Task requirements - Set the whole listing down again exactly as written.

Data to use -
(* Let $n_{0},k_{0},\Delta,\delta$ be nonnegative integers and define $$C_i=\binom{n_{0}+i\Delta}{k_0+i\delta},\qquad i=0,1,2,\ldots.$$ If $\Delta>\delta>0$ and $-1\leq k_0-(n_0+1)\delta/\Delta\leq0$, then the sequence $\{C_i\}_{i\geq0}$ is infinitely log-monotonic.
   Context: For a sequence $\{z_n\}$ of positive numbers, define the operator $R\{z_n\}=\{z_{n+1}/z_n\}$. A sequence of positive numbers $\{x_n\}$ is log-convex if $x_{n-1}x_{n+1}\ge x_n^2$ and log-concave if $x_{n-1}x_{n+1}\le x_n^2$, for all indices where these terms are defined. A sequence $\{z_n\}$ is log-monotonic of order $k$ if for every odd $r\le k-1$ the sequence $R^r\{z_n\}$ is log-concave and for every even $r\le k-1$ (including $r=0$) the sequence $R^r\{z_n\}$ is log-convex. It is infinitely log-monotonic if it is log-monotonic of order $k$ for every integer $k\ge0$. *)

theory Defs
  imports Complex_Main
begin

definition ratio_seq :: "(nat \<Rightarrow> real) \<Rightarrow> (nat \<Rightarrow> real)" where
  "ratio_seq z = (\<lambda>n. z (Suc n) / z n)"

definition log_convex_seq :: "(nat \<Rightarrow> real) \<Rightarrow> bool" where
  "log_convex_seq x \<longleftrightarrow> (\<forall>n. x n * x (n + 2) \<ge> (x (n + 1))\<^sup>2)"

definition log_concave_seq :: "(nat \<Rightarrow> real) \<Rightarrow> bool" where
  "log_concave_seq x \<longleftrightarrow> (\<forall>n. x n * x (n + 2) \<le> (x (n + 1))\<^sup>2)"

Output -
(* Let $n_{0},k_{0},\Delta,\delta$ be nonnegative integers and define $$C_i=\binom{n_{0}+i\Delta}{k_0+i\delta},\qquad i=0,1,2,\ldots.$$ If $\Delta>\delta>0$ and $-1\leq k_0-(n_0+1)\delta/\Delta\leq0$, then the sequence $\{C_i\}_{i\geq0}$ is infinitely log-monotonic.
   Context: For a sequence $\{z_n\}$ of positive numbers, define the operator $R\{z_n\}=\{z_{n+1}/z_n\}$. A sequence of positive numbers $\{x_n\}$ is log-convex if $x_{n-1}x_{n+1}\ge x_n^2$ and log-concave if $x_{n-1}x_{n+1}\le x_n^2$, for all indices where these terms are defined. A sequence $\{z_n\}$ is log-monotonic of order $k$ if for every odd $r\le k-1$ the sequence $R^r\{z_n\}$ is log-concave and for every even $r\le k-1$ (including $r=0$) the sequence $R^r\{z_n\}$ is log-convex. It is infinitely log-monotonic if it is log-monotonic of order $k$ for every integer $k\ge0$. *)

theory Defs
  imports Complex_Main
begin

definition ratio_seq :: "(nat \<Rightarrow> real) \<Rightarrow> (nat \<Rightarrow> real)" where
  "ratio_seq z = (\<lambda>n. z (Suc n) / z n)"

definition log_convex_seq :: "(nat \<Rightarrow> real) \<Rightarrow> bool" where
  "log_convex_seq x \<longleftrightarrow> (\<forall>n. x n * x (n + 2) \<ge> (x (n + 1))\<^sup>2)"

definition log_concave_seq :: "(nat \<Rightarrow> real) \<Rightarrow> bool" where
  "log_concave_seq x \<longleftrightarrow> (\<forall>n. x n * x (n + 2) \<le> (x (n + 1))\<^sup>2)"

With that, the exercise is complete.